The Card Player’s crime-thriller formula repeat of a lady cop hunting a serial killer, with Stefania Rocca playing Anna Mari (the close similarity of heroines’ names here suggests that ‘female detective’ is a 21st century stereotype now), for cyber-slasher dud plotline that artlessly jumbles CSI forensics with offbeat characters. When a British girl is killed, Anna teams up with wretched Irish detective Brennan (Liam Cunningham), and they find teenage luck-magnet and poker genius Remo, ‘conscripted’ for life-or-death online gaming in a desperate bid to beat the kidnapper’s murder stakes. After Remo saves police chief’s daughter, the killer’s hand is forced. The showdown deal against Anna aims for bemusing farce, with both killer and heroine cuffed to railway tracks as poker game on laptop ensues. Apart from grisly ‘appeal’ of its snuff-video contrivance, some quite unsettlingly realistic mortuary examinations, and a great performance from Ms Rocca, The Card Player counts - unfortunately - as one of Argento’s weaker offerings. Win some, lose some...         
 
Now seeming like a time-warp trailer for genre TV series Masters Of Horror, re-released double-bill movie TWO EVIL EYES was made in 1989, and it features stories adapted from works by Edgar Allan Poe. Directed by George Romero, The Facts In The Case Of Mr Valdemar is slow–burning intriguer about a treacherous/ adulterous wife, Jessica (Adrienne Barbeau), scheming against her wealthy/ dying husband to break terms of his will and steal his fortune. Jessica’s lover Dr Hoffman (Ramy Zada, After Midnight) uses hypnosis to manage deathbed pain, but the embezzlers’ plot goes wrong when the old man dies, most inconveniently, in a trance, and his frozen body soon becomes a conduit for malicious ‘others’ to crossover from beyond death.

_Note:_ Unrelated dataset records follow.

lemma has_real_derivative_smooth_step: "DERIV smooth_step t :> smooth_step' t"
proof -
  consider "t < 1" | "t = 1" | "1 < t \<and> t < 2" | "t = 2" | "t > 2" by linarith
  then show ?thesis
  proof cases
    case 1
    have "DERIV smooth_step t :> 0"
      by (rule has_field_derivative_transform_within_open[where f="\<lambda>t. 0" and S="{..<1}"])
         (use 1 in \<open>auto simp: smooth_step_def\<close>)
    then show ?thesis using 1 by (simp add: smooth_step'_eq_0)
  next
    case 3
    have "DERIV (\<lambda>t. 3*(t-1)^2 - 2*(t-1)^3) t :> 3*(2*(t-1)) - 2*(3*(t-1)^2)"
      by (auto intro!: derivative_eq_intros)
    then have "DERIV smooth_step t :> 3*(2*(t-1)) - 2*(3*(t-1)^2)"
      by (rule has_field_derivative_transform_within_open[where S="{1<..<2}"])
         (use 3 in \<open>auto simp: smooth_step_def\<close>)
    moreover have "smooth_step' t = 6*(t-1)*(2-t)"
      using 3 by (simp add: smooth_step'_def)
    moreover have "3*(2*(t-1)) - 2*(3*(t-1)^2) = 6*(t-1)*(2-t)"
      by (simp add: power2_eq_square algebra_simps)
    ultimately show ?thesis by simp
  next
    case 5
    have "DERIV smooth_step t :> 0"
      by (rule has_field_derivative_transform_within_open[where f="\<lambda>t. 1" and S="{2<..}"])
         (use 5 in \<open>auto simp: smooth_step_def\<close>)
    then show ?thesis using 5 by (simp add: smooth_step'_eq_0)
  qed (simp_all add: has_real_derivative_smooth_step_1 has_real_derivative_smooth_step_2 smooth_step'_eq_0)
qed

lemma continuous_on_smooth_step: "continuous_on UNIV smooth_step"
  using has_real_derivative_smooth_step by (meson DERIV_isCont continuous_at_imp_continuous_on)

lemma smooth_step_bounds: "0 \<le> smooth_step t \<and> smooth_step t \<le> 1"
proof (cases "t \<le> 1 \<or> t \<ge> 2")
  case True then show ?thesis by (auto simp: smooth_step_def)
next
  case False
  define y where "y = t - 1"
  have y: "0 < y" "y < 1" using False by (auto simp: y_def)
  have e: "smooth_step t = y^2 * (3 - 2*y)" using False unfolding smooth_step_def y_def
    by (simp add: power2_eq_square power3_eq_cube algebra_simps)
  have e2: "1 - y^2 * (3 - 2*y) = (1-y)^2 * (1 + 2*y)"
    by (simp add: power2_eq_square algebra_simps)
  have "0 \<le> y^2 * (3 - 2*y)" using y by simp
  moreover have "0 \<le> (1-y)^2 * (1 + 2*y)" using y by simp
  ultimately show ?thesis unfolding e using e2 by linarith
qed

section \<open>Integrals of derivatives of compactly supported functions\<close>

lemma mem_cbox_if_norm_le:
  fixes y :: "real^'n"
  assumes "norm y \<le> M"
  shows "y \<in> cbox (\<chi> j. - M) (\<chi> j. M)"
proof -
  have "- M \<le> y $ j \<and> y $ j \<le> M" for j
    using component_le_norm_cart[of y j] assms by linarith
  then show ?thesis unfolding mem_box_cart by simp
qed

lemma has_derivative_eq_0_outside_closed:
  fixes g :: "real^'n \<Rightarrow> real"
  assumes "closed K" and g': "(g has_derivative (\<lambda>h. G \<bullet> h)) (at x)"
    and zero: "\<And>x. x \<notin> K \<Longrightarrow> g x = 0" and "x \<notin> K"
  shows "G = 0"
proof -
  have "((\<lambda>x. 0) has_derivative (\<lambda>h. 0)) (at x)" by simp
  then have "(g has_derivative (\<lambda>h. 0)) (at x)"
    by (rule has_derivative_transform_within_open[where s="- K"])
       (use assms in \<open>auto simp: open_Compl\<close>)
  then have "(\<lambda>h. G \<bullet> h) = (\<lambda>h. 0)" using g' has_derivative_unique by blast
  then have "G \<bullet> G = 0" by meson
  then show ?thesis by simp
qed

lemma integral_translate_eq_of_support:
  fixes g :: "real^'n \<Rightarrow> real" and e :: "real^'n"
  assumes gc: "continuous_on UNIV g" and supp: "\<And>x. R < norm x \<Longrightarrow> g x = 0"
    and e: "norm e \<le> 1" and s: "\<bar>s\<bar> \<le> 1"
  shows "integral (cbox (\<chi> j. - (R+1)) (\<chi> j. R+1)) (\<lambda>t. g (t + s *\<^sub>R e))
       = integral (cbox (\<chi> j. - (R+2)) (\<chi> j. R+2)) g"
proof -
  define B where "B = cbox (\<chi> j. - (R+1)) (\<chi> j::'n. R+1)"
  define B2 where "B2 = cbox (\<chi> j. - (R+2)) (\<chi> j::'n. R+2)"
  have se: "norm (s *\<^sub>R e) \<le> 1" using e s by (simp add: mult_le_one)
  have "(g has_integral integral B2 g) B2"
    unfolding B2_def by (intro integrable_integral integrable_continuous continuous_on_subset[OF gc]) auto
  from has_integral_affinity[OF this[unfolded B2_def], of 1 "s *\<^sub>R e"]
  have on_B2: "((\<lambda>t. g (t + s *\<^sub>R e)) has_integral integral B2 g) ((\<lambda>x. x - s *\<^sub>R e) ` B2)"
    by (simp add: B2_def)
  have c: "continuous_on B (\<lambda>t. g (t + s *\<^sub>R e))"
    by (intro continuous_on_compose2[OF gc] continuous_intros) auto
  have on_B: "((\<lambda>t. g (t + s *\<^sub>R e)) has_integral integral B (\<lambda>t. g (t + s *\<^sub>R e))) B"
    using integrable_continuous[OF c[unfolded B_def]] unfolding B_def by (rule integrable_integral)
  have "B \<subseteq> (\<lambda>x. x - s *\<^sub>R e) ` B2"
  proof
    fix t assume t: "t \<in> B"
    have se_j: "\<bar>(s *\<^sub>R e) $ j\<bar> \<le> 1" for j
      using component_le_norm_cart[of "s *\<^sub>R e" j] se by linarith
    have t_j: "- (R+1) \<le> t $ j \<and> t $ j \<le> R+1" for j using t unfolding B_def mem_box_cart by simp
    have "- (R+2) \<le> (t + s *\<^sub>R e) $ j \<and> (t + s *\<^sub>R e) $ j \<le> R+2" for j
      using se_j[of j] t_j[of j] unfolding abs_le_iff vector_add_component by linarith
    then have "t + s *\<^sub>R e \<in> B2" unfolding B2_def mem_box_cart by simp
    then show "t \<in> (\<lambda>x. x - s *\<^sub>R e) ` B2" by (auto intro: image_eqI[where x="t + s *\<^sub>R e"])
  qed
  moreover have "g (t + s *\<^sub>R e) = 0" if "t \<notin> B" for t
  proof (rule supp)
    have "\<not> norm t \<le> R + 1" using that mem_cbox_if_norm_le unfolding B_def by blast
    then show "R < norm (t + s *\<^sub>R e)" using norm_triangle_ineq4[of "t + s *\<^sub>R e" "s *\<^sub>R e"] se by simp
  qed
  ultimately have "((\<lambda>t. g (t + s *\<^sub>R e)) has_integral integral B (\<lambda>t. g (t + s *\<^sub>R e)))
      ((\<lambda>x. x - s *\<^sub>R e) ` B2)"
    by (intro has_integral_on_superset[OF on_B]) auto
  then show ?thesis using on_B2 has_integral_unique unfolding B_def B2_def by blast
qed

Argento’s dazzling remix of themes from Poe in The Black Cat is far more extravagant in scope and demented in style than its companion piece. Harvey Keitel, perfectly cast here as the pretentiously arty photographer Rod Usher, excels in a role balancing pure spite with gallows humour. Taking as its cause or purpose the ‘creation’ of horrific imagery, this psychodrama of alcoholic delirium, murderous rages, and some well-timed black comedy, boasts lurid visions of pagan sacrifice with a poetic-justice finale, as homicidal brute Usher gets his comeuppance in satisfactorily grim fashion. While Romero’s work concentrates on strong characterisation and narrative beats, that build up towards a supernatural conclusion, Argento conjures up a complex of nightmarish visuals with, as usual for his knowingly illogical oeuvre, no regard for conventional drama, common sense, or even the pseudoscientific rationality which often drives Romero’s films.